# EXERCISE DETAILS
Each line in the records that mentions the word "shows" needs to be listed.

(Dataset entries)
BEGIN
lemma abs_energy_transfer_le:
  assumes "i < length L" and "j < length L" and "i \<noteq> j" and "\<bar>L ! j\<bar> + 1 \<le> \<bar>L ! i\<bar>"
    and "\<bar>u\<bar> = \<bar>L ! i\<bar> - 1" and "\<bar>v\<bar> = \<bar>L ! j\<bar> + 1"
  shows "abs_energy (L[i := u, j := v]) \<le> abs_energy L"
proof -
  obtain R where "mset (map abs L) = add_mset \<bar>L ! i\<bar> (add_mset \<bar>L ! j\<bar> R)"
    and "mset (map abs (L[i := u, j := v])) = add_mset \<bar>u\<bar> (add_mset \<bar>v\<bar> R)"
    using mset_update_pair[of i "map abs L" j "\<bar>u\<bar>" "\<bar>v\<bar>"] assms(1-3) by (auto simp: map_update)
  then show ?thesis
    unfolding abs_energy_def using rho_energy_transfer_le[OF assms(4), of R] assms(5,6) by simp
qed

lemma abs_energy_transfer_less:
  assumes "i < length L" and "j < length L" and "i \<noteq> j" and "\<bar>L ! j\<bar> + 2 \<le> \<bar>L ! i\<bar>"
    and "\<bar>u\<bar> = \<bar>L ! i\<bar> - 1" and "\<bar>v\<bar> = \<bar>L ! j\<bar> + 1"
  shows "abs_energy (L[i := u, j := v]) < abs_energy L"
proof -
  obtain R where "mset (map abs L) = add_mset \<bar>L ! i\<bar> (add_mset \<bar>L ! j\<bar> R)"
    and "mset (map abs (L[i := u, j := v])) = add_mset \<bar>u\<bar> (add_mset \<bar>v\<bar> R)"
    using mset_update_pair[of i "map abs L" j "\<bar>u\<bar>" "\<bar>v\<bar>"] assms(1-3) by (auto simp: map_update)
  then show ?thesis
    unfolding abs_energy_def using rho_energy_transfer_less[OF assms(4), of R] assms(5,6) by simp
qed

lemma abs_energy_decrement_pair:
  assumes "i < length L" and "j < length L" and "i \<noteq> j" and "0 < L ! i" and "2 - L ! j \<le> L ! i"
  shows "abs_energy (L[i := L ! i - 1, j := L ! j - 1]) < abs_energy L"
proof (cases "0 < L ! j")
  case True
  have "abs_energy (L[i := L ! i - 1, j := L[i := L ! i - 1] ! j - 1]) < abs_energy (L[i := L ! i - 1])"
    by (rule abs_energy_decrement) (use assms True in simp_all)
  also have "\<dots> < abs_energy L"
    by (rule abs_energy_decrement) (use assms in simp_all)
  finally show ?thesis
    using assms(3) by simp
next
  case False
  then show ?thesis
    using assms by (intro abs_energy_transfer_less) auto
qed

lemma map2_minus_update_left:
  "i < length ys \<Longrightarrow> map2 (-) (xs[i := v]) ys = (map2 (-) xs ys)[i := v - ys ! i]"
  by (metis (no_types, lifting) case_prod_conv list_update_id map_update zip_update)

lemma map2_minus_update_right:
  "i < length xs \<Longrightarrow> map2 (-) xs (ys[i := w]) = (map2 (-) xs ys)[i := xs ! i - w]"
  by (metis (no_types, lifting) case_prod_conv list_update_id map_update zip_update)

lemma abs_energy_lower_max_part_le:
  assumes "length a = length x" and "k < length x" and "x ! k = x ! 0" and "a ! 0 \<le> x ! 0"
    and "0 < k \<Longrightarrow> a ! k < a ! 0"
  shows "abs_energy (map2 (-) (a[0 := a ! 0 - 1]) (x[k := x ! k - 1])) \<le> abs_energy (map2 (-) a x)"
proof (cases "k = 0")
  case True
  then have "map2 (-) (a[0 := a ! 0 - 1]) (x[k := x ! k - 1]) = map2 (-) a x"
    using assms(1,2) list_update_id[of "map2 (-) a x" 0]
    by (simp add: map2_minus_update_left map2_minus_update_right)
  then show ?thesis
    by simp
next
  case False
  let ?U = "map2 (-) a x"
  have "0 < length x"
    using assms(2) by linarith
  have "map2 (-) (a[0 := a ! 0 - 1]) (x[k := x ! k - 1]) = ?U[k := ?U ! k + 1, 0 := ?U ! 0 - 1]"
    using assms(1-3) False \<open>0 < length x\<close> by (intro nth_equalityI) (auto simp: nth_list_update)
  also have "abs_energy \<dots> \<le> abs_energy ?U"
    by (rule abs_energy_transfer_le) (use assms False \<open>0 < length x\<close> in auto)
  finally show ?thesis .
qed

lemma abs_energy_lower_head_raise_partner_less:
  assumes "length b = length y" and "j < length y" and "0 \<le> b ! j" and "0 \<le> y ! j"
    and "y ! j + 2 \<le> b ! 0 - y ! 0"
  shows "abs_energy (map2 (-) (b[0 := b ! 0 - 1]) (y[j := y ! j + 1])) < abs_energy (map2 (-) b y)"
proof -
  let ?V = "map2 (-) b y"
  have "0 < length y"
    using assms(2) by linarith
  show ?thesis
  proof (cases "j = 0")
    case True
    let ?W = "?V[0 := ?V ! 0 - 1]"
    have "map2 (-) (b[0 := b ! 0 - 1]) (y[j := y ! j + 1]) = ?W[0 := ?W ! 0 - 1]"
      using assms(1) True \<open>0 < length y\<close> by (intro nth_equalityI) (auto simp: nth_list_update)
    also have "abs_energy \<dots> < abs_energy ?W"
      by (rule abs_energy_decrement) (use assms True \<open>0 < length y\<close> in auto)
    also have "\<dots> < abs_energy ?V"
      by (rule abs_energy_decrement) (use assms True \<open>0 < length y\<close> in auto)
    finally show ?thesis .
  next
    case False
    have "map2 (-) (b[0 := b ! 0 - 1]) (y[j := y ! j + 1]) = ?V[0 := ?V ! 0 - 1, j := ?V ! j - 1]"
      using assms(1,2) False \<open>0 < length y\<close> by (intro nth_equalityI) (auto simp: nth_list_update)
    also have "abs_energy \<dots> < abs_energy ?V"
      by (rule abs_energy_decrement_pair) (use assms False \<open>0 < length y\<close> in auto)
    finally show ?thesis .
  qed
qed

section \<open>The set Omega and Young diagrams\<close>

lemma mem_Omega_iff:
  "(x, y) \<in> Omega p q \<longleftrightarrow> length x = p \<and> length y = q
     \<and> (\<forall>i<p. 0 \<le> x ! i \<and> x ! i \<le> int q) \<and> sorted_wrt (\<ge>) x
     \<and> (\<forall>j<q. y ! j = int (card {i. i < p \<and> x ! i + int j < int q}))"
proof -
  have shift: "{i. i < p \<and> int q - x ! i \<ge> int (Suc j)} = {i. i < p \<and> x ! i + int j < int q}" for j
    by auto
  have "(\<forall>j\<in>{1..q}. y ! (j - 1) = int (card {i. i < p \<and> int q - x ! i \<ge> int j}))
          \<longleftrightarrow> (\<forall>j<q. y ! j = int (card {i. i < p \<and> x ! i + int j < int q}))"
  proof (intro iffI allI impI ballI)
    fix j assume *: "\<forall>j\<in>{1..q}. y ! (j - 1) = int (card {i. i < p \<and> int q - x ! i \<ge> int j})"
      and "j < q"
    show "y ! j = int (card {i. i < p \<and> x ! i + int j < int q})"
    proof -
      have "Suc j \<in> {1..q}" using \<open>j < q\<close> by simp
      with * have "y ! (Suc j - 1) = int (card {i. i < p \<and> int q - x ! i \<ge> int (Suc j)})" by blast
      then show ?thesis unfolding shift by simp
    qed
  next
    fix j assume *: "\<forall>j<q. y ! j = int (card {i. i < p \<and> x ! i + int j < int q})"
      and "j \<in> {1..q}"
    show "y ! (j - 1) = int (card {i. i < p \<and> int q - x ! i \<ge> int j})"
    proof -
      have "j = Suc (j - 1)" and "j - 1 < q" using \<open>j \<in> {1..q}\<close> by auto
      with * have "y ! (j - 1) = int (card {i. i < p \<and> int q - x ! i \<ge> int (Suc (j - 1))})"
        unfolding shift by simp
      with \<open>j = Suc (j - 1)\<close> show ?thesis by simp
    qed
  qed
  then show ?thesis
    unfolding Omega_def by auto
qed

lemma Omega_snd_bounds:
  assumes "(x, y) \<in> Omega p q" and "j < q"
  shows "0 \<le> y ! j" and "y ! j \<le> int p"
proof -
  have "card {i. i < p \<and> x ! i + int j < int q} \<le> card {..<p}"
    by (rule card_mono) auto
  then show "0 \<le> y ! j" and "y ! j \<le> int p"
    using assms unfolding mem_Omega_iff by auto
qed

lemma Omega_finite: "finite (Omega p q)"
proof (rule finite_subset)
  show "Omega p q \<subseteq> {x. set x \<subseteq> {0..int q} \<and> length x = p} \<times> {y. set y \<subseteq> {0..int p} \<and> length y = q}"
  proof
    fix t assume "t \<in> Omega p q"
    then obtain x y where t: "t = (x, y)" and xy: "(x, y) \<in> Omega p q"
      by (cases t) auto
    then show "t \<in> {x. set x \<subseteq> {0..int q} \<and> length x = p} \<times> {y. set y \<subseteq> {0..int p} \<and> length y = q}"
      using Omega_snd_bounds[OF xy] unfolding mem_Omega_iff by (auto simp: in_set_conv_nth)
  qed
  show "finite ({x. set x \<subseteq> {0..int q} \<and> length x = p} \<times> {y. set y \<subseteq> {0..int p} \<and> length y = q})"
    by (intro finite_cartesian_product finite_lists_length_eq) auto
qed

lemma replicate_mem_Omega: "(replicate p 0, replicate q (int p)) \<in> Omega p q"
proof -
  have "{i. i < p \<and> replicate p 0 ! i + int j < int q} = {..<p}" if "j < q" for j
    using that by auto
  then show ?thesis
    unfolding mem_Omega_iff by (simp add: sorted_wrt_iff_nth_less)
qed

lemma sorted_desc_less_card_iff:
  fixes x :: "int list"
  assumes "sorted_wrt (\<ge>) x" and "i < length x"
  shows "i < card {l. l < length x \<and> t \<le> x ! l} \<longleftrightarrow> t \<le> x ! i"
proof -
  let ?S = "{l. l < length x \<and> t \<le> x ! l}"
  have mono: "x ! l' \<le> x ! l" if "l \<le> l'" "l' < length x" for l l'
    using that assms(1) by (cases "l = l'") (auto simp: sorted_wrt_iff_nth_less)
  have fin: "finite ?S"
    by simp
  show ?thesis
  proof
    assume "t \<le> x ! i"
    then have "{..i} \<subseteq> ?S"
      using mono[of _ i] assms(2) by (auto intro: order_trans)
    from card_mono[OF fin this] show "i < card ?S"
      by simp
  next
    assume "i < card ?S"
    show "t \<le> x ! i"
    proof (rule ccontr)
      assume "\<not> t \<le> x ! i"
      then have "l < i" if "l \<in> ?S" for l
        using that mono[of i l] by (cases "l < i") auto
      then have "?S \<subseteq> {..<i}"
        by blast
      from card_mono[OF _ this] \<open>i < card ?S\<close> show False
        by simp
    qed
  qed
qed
END
# TASK SOLUTION
  shows "abs_energy (L[i := u, j := v]) \<le> abs_energy L"
  shows "abs_energy (L[i := u, j := v]) < abs_energy L"
  shows "abs_energy (L[i := L ! i - 1, j := L ! j - 1]) < abs_energy L"
  shows "abs_energy (map2 (-) (a[0 := a ! 0 - 1]) (x[k := x ! k - 1])) \<le> abs_energy (map2 (-) a x)"
  shows "abs_energy (map2 (-) (b[0 := b ! 0 - 1]) (y[j := y ! j + 1])) < abs_energy (map2 (-) b y)"
  shows "0 \<le> y ! j" and "y ! j \<le> int p"
  shows "i < card {l. l < length x \<and> t \<le> x ! l} \<longleftrightarrow> t \<le> x ! i"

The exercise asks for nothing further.